Collected data
----

theorem corollary2p5:
  fixes p q r :: real and a b c :: "int \<Rightarrow> real" and u :: "int \<Rightarrow> real"
  assumes pq: "1 < p" "p < q"
    and p_half: "\<exists>k::nat. k > 0 \<and> p / 2 = real k"
    and r: "r \<ge> 1"
    and pos: "\<And>n. a n > 0" "\<And>n. b n > 0" "\<And>n. c n > 0"
    and C1: "\<exists>b0>0. \<forall>n. b n \<ge> b0" "filterlim (\<lambda>n. b n) at_top (sup at_bot at_top)"
    and C2: "\<exists>c0>0. \<forall>n. c n \<le> c0" "c summable_on UNIV"
    and uN: "u \<in> Nehari p q r a b c"
  shows "(\<forall>t\<ge>0. (\<lambda>n. t * u n) \<in> Dspace p q r a b c
              \<and> Ifun p q r a b c (\<lambda>n. t * u n) \<le> Ifun p q r a b c u)
         \<and> Ifun p q r a b c u = (SUP t \<in> {0..}. Ifun p q r a b c (\<lambda>n. t * u n))"
proof -
  have uD: "u \<in> Dspace p q r a b c" and "Ideriv p q r a b c u u = 0"
    using uN by (auto simp: Nehari_def)
  then have nehari: "Enorm_p p a b u = (\<Sum>\<^sub>\<infinity>n. log_term q r c u n)"
    by (simp add: Ideriv_self)
  obtain b0 where "0 < b0" "\<And>n. b0 \<le> b n"
    using C1(1) by auto
  then have "\<bar>u n\<bar> \<le> (Enorm_p p a b u / b0) powr (1 / p)" for n
    using uD pq pos(1) by (intro Espace_abs_le) (auto simp: Dspace_def less_imp_le)
  then have summable_B: "(\<lambda>n. c n * \<bar>u n\<bar> powr q) summable_on UNIV"
    using C2(2) pos(3) pq by (intro summable_on_mult_abs_powr_bounded) (auto simp: less_imp_le)
  define A where "A = Enorm_p p a b u"
  define B where "B = (\<Sum>\<^sub>\<infinity>n. c n * \<bar>u n\<bar> powr q)"
  have "0 \<le> A"
    unfolding A_def Enorm_p_def E_term_def using pos by (intro infsum_nonneg) (simp add: less_imp_le)
  moreover have "0 \<le> B"
    unfolding B_def using pos by (intro infsum_nonneg) (simp add: less_imp_le)
  moreover have I: "Ifun p q r a b c (\<lambda>n. t * u n) = fibering_map p q r A B t" if "0 \<le> t" for t
    using Ifun_scale[OF uD summable_B that] nehari unfolding A_def B_def fibering_map_def
    by (simp add: field_simps)
  ultimately have max: "(\<lambda>n. t * u n) \<in> Dspace p q r a b c
                        \<and> Ifun p q r a b c (\<lambda>n. t * u n) \<le> Ifun p q r a b c u" if "0 \<le> t" for t
    using that Dspace_scale[OF uD summable_B that] I[of 1] fibering_map_le_one[of t p q A B r] pq r by auto
  have "Ifun p q r a b c u \<in> (\<lambda>t. Ifun p q r a b c (\<lambda>n. t * u n)) ` {0..}"
    by (rule image_eqI[of _ _ 1]) auto
  then have "Ifun p q r a b c u = (SUP t \<in> {0..}. Ifun p q r a b c (\<lambda>n. t * u n))"
    using max by (intro cSup_eq_maximum[symmetric]) auto
  with max show ?thesis by blast
qed

end
lemma concat_word_case_nat_eq:
  assumes "\<forall>i<length p. v i = p ! i" and "(\<lambda>n. v (n + length p)) = concat_word u"
  shows "concat_word (case_nat p u) = v"
proof
  fix n
  show "concat_word (case_nat p u) n = v n"
    using assms fun_cong[OF assms(2), of "n - length p"]
    by (cases "n < length p") (simp_all add: concat_word_case_nat)
qed

lemma concat_word_empty_prefix:
  "concat_word (\<lambda>i. if i < n then [] else u (i - n)) = concat_word u"
proof (induction n)
  case (Suc n)
  have "(\<lambda>i. if i < Suc n then [] else u (i - Suc n)) =
      case_nat [] (\<lambda>i. if i < n then [] else u (i - n))"
    by (simp add: fun_eq_iff split: nat.split)
  then show ?case
    using Suc by (simp add: fun_eq_iff concat_word_case_nat)
qed simp

lemma concat_word_interleave_empty:
  assumes "\<forall>i. u i \<noteq> []"
  shows "concat_word (\<lambda>m. if even m then u (m div 2) else []) n = concat_word u n"
  using assms
proof (induction n arbitrary: u rule: less_induct)
  case (less n)
  have interleave: "(\<lambda>m. if even m then u (m div 2) else []) =
      case_nat (u 0) (case_nat [] (\<lambda>m. if even m then u (Suc (m div 2)) else []))"
    by (auto simp: fun_eq_iff split: nat.split)
  have u: "u = case_nat (u 0) (\<lambda>i. u (Suc i))"
    by (simp add: fun_eq_iff split: nat.split)
  show ?case
  proof (cases "n < length (u 0)")
    case True
    then show ?thesis by (subst interleave, subst u) (simp add: concat_word_case_nat)
  next
    case False
    moreover have "0 < length (u 0)"
      using less.prems by simp
    ultimately have "n - length (u 0) < n"
      by linarith
    with less.IH[of _ "\<lambda>i. u (Suc i)"] less.prems False show ?thesis
      by (subst interleave, subst u) (simp add: concat_word_case_nat)
  qed
qed

lemma f_sigma_bin_val:
  assumes "\<forall>N. \<exists>m\<ge>N. W m" and "W \<noteq> omega_word (w_eps k \<sigma>)"
  shows "f_sigma k \<sigma> (bin_val W) = bin_val (concat_word (\<lambda>i. \<sigma> (block k W i)))"
proof -
  have "0 < bin_val W"
    using assms(1) bin_val_pos by blast
  then show ?thesis
    using assms bin_val_le_1[of W] by (simp add: f_sigma_def expansion_bin_val)
qed

text \<open>If \<open>w\<close> is erased, the interleaved copies
of \<open>w\<close> do not change the image, and since every \<open>c\<^sub>i\<close> differs from \<open>w\<close> they make the
word contain infinitely many ones.\<close>

definition padded_blocks ::
  "bool list \<Rightarrow> nat \<Rightarrow> bool list \<Rightarrow> (nat \<Rightarrow> bool list) \<Rightarrow> nat \<Rightarrow> bool list" where
  "padded_blocks w n b c i =
    (if i < n then w else case_nat b (\<lambda>m. if even m then c (m div 2) else w) (i - n))"

lemma length_padded_blocks:
  "length w = k \<Longrightarrow> length b = k \<Longrightarrow> \<forall>i. length (c i) = k \<Longrightarrow>
    length (padded_blocks w n b c i) = k"
  by (simp add: padded_blocks_def split: nat.split)

lemma concat_padded_blocks:
  assumes "\<sigma> w = []" and "\<forall>i. \<sigma> (c i) \<noteq> []"
  shows "concat_word (\<lambda>i. \<sigma> (padded_blocks w n b c i)) = concat_word (case_nat (\<sigma> b) (\<lambda>i. \<sigma> (c i)))"
proof -
  have "(\<lambda>i. \<sigma> (padded_blocks w n b c i)) = (\<lambda>i. if i < n then [] else
      case_nat (\<sigma> b) (\<lambda>m. if even m then \<sigma> (c (m div 2)) else []) (i - n))"
    using assms(1) by (simp add: fun_eq_iff padded_blocks_def split: nat.split)
  then show ?thesis
    using concat_word_interleave_empty[OF assms(2)]
    by (simp add: concat_word_empty_prefix fun_eq_iff concat_word_case_nat)
qed

lemma padded_blocks_infinitely_many_ones:
  assumes "length w = k" and "\<forall>i. length (c i) = k \<and> c i \<noteq> w"
  shows "\<forall>N. \<exists>m\<ge>N. block_word k (padded_blocks w n b c) m"
proof
  fix N
  define i where "i = n + 2 * N + 1"
  have blocks: "padded_blocks w n b c i = c N" "padded_blocks w n b c (Suc i) = w"
    by (simp_all add: padded_blocks_def i_def)
  obtain r where r: "r < k" "c N ! r \<noteq> w ! r"
    using assms by (auto simp: list_eq_iff_nth_eq)
  have "N \<le> i"
    by (simp add: i_def)
  also have "i \<le> i * k"
    using \<open>r < k\<close> by simp
  finally have "N \<le> i * k" .
  show "\<exists>m\<ge>N. block_word k (padded_blocks w n b c) m"
  proof (cases "c N ! r")
    case True
    then show ?thesis
      using \<open>N \<le> i * k\<close> block_word_nth[OF \<open>r < k\<close>, of "padded_blocks w n b c" i] blocks(1)
      by (intro exI[of _ "i * k + r"]) simp
  next
    case False
    then show ?thesis
      using \<open>N \<le> i * k\<close> block_word_nth[OF \<open>r < k\<close>, of "padded_blocks w n b c" "Suc i"] blocks(2) r(2)
      by (intro exI[of _ "Suc i * k + r"]) simp
  qed
qed

lemma padded_blocks_common_prefix:
  assumes "length w = k" "j < k" "\<forall>r<j. b ! r = w ! r"
  shows "\<forall>m < n * k + j. block_word k (padded_blocks w n b c) m = omega_word w m"
    and "block_word k (padded_blocks w n b c) (n * k + j) = b ! j"
proof -
  have "\<forall>i<n. padded_blocks w n b c i = w" "padded_blocks w n b c n = b"
    by (simp_all add: padded_blocks_def)
  then show "\<forall>m < n * k + j. block_word k (padded_blocks w n b c) m = omega_word w m"
    using assms block_word_common_prefix[of n "padded_blocks w n b c" "\<lambda>_. w" j k]
    by (simp add: omega_word_eq_block_word)
  show "block_word k (padded_blocks w n b c) (n * k + j) = b ! j"
    using \<open>padded_blocks w n b c n = b\<close> block_word_nth[OF assms(2)] by simp
qed

locale optimal_erasing_subst =
  fixes k :: nat and \<sigma> :: "bool list \<Rightarrow> bool list"
  assumes k_pos: "0 < k"
    and erasing: "erasing_block_subst k \<sigma>"
    and w_eps_not_ones: "w_eps k \<sigma> \<noteq> replicate k True"
    and optimal: "optimal k \<sigma>"
begin

abbreviation w\<^sub>\<epsilon> :: "bool list" where
  "w\<^sub>\<epsilon> \<equiv> w_eps k \<sigma>"

abbreviation x\<^sub>0 :: real where
  "x\<^sub>0 \<equiv> bin_val (omega_word w\<^sub>\<epsilon>)"

lemma length_w_eps: "length w\<^sub>\<epsilon> = k"
  and \<sigma>_w_eps: "\<sigma> w\<^sub>\<epsilon> = []"
  using theI'[OF erasing[unfolded erasing_block_subst_def]] by (simp_all add: w_eps_def)

lemma w_eps_has_zero: "\<exists>r<k. \<not> w\<^sub>\<epsilon> ! r"
  using w_eps_not_ones length_w_eps by (auto simp: list_eq_iff_nth_eq)

lemma common_prefix_if_near_x0:
  assumes "\<bar>bin_val v - x\<^sub>0\<bar> < (1/2) ^ (L + k)"
  shows "\<forall>j<L. v j = omega_word w\<^sub>\<epsilon> j"
proof (rule common_prefix_if_bin_val_close[OF _ _ assms])
  show "syndetic k (\<lambda>n. \<not> omega_word w\<^sub>\<epsilon> n)"
    using w_eps_has_zero syndetic_omega_word[of _ w\<^sub>\<epsilon> Not] length_w_eps by auto
  show "syndetic k (omega_word w\<^sub>\<epsilon>) \<or> (\<forall>n. \<not> omega_word w\<^sub>\<epsilon> n)"
  proof (cases "\<exists>r<k. w\<^sub>\<epsilon> ! r")
    case True
    then show ?thesis
      using syndetic_omega_word[of _ w\<^sub>\<epsilon> "\<lambda>b. b"] length_w_eps by auto
  next
    case False
    then show ?thesis
      using k_pos length_w_eps by (simp add: omega_word_def)
  qed
qed

lemma padded_preimage:
  assumes b: "length b = k" "\<sigma> b \<noteq> []"
    and j: "j < k" "\<forall>r<j. b ! r = w\<^sub>\<epsilon> ! r"
    and v: "\<forall>i<length (\<sigma> b). v i = \<sigma> b ! i"
  obtains W where "\<forall>N. \<exists>m\<ge>N. W m" and "concat_word (\<lambda>i. \<sigma> (block k W i)) = v"
    and "\<forall>m < n * k + j. W m = omega_word w\<^sub>\<epsilon> m" and "W (n * k + j) = b ! j"
proof -
  obtain c where c: "\<forall>i. length (c i) = k \<and> \<sigma> (c i) \<noteq> []"
    and rest: "(\<lambda>n. v (n + length (\<sigma> b))) = concat_word (\<lambda>i. \<sigma> (c i))"
    using optimal unfolding optimal_def by blast
  let ?W = "block_word k (padded_blocks w\<^sub>\<epsilon> n b c)"
  show ?thesis
  proof (rule that[of ?W])
    have "\<forall>i. length (c i) = k \<and> c i \<noteq> w\<^sub>\<epsilon>"
      using c \<sigma>_w_eps by metis
    then show "\<forall>N. \<exists>m\<ge>N. ?W m"
      by (rule padded_blocks_infinitely_many_ones[OF length_w_eps])
    show "concat_word (\<lambda>i. \<sigma> (block k ?W i)) = v"
      using block_block_word[of "padded_blocks w\<^sub>\<epsilon> n b c"] length_padded_blocks length_w_eps b c
        concat_padded_blocks[of \<sigma> w\<^sub>\<epsilon> c n b] \<sigma>_w_eps concat_word_case_nat_eq[OF v rest]
      by simp
    show "\<forall>m < n * k + j. ?W m = omega_word w\<^sub>\<epsilon> m" "?W (n * k + j) = b ! j"
      using padded_blocks_common_prefix[OF length_w_eps j] by blast+
  qed
qed

lemma preimage_near_x0:
  assumes b: "length b = k" "\<sigma> b \<noteq> []"
    and j: "j < k" "b ! j \<noteq> w\<^sub>\<epsilon> ! j" "\<forall>r<j. b ! r = w\<^sub>\<epsilon> ! r"
    and v: "\<forall>i<length (\<sigma> b). v i = \<sigma> b ! i"
    and "0 < e"
  shows "\<exists>t\<in>{0..1}. (if b ! j then x\<^sub>0 < t \<and> t < x\<^sub>0 + e else x\<^sub>0 - e < t \<and> t < x\<^sub>0)
    \<and> f_sigma k \<sigma> t = bin_val v"
proof -
  obtain n where "(1/2::real) ^ n < e"
    using real_arch_pow_inv[OF \<open>0 < e\<close>, of "1/2"] by auto
  moreover have "(1/2::real) ^ (n * k) \<le> (1/2) ^ n"
    using k_pos by (intro power_decreasing) auto
  ultimately have small: "(1/2::real) ^ (n * k) < e"
    by linarith
  obtain W where ones: "\<forall>N. \<exists>m\<ge>N. W m" and image: "concat_word (\<lambda>i. \<sigma> (block k W i)) = v"
    and agree: "\<forall>m < n * k + j. W m = omega_word w\<^sub>\<epsilon> m" and W_at: "W (n * k + j) = b ! j"
    using padded_preimage[OF b j(1,3) v] .
  have V_at: "omega_word w\<^sub>\<epsilon> (i * k + j) = w\<^sub>\<epsilon> ! j" for i
    using omega_word_eq_block_word[OF length_w_eps] block_word_nth[OF j(1)] by simp
  have "f_sigma k \<sigma> (bin_val W) = bin_val v"
    using f_sigma_bin_val[OF ones] W_at V_at[of n] j(2) image by metis
  moreover have "\<bar>bin_val W - x\<^sub>0\<bar> \<le> (1/2) ^ (n * k)"
    using agree by (intro bin_val_dist_common_prefix) simp
  moreover have "if b ! j then x\<^sub>0 < bin_val W else bin_val W < x\<^sub>0"
  proof (cases "b ! j")
    case True
    obtain i where "n * k + j < i" "W i"
      using ones by (metis Suc_le_eq)
    then show ?thesis
      using True agree W_at V_at[of n] j(2) by (simp add: bin_val_less_first_difference)
  next
    case False
    have "n * k + j < Suc n * k + j"
      using k_pos by simp
    moreover have "omega_word w\<^sub>\<epsilon> (Suc n * k + j)"
      using False j(2) V_at[of "Suc n"] by simp
    ultimately have "bin_val W < x\<^sub>0"
      using False agree W_at V_at[of n] j(2)
      by (intro bin_val_less_first_difference[of "n * k + j" _ W "Suc n * k + j"]) auto
    with False show ?thesis
      by simp
  qed
  ultimately show ?thesis
    using small bin_val_nonneg[of W] bin_val_le_1[of W]
    by (intro bexI[of _ "bin_val W"]) (auto split: if_splits)
qed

----

_YOUR INSTRUCTIONS_: Go through the records and gather the lines that hold "intro".

_EXERCISE SOLUTION_:
    using uD pq pos(1) by (intro Espace_abs_le) (auto simp: Dspace_def less_imp_le)
    using C2(2) pos(3) pq by (intro summable_on_mult_abs_powr_bounded) (auto simp: less_imp_le)
    unfolding A_def Enorm_p_def E_term_def using pos by (intro infsum_nonneg) (simp add: less_imp_le)
    unfolding B_def using pos by (intro infsum_nonneg) (simp add: less_imp_le)
    using max by (intro cSup_eq_maximum[symmetric]) auto
      by (intro exI[of _ "i * k + r"]) simp
      by (intro exI[of _ "Suc i * k + r"]) simp
    using k_pos by (intro power_decreasing) auto
    using agree by (intro bin_val_dist_common_prefix) simp
      by (intro bin_val_less_first_difference[of "n * k + j" _ W "Suc n * k + j"]) auto
    by (intro bexI[of _ "bin_val W"]) (auto split: if_splits)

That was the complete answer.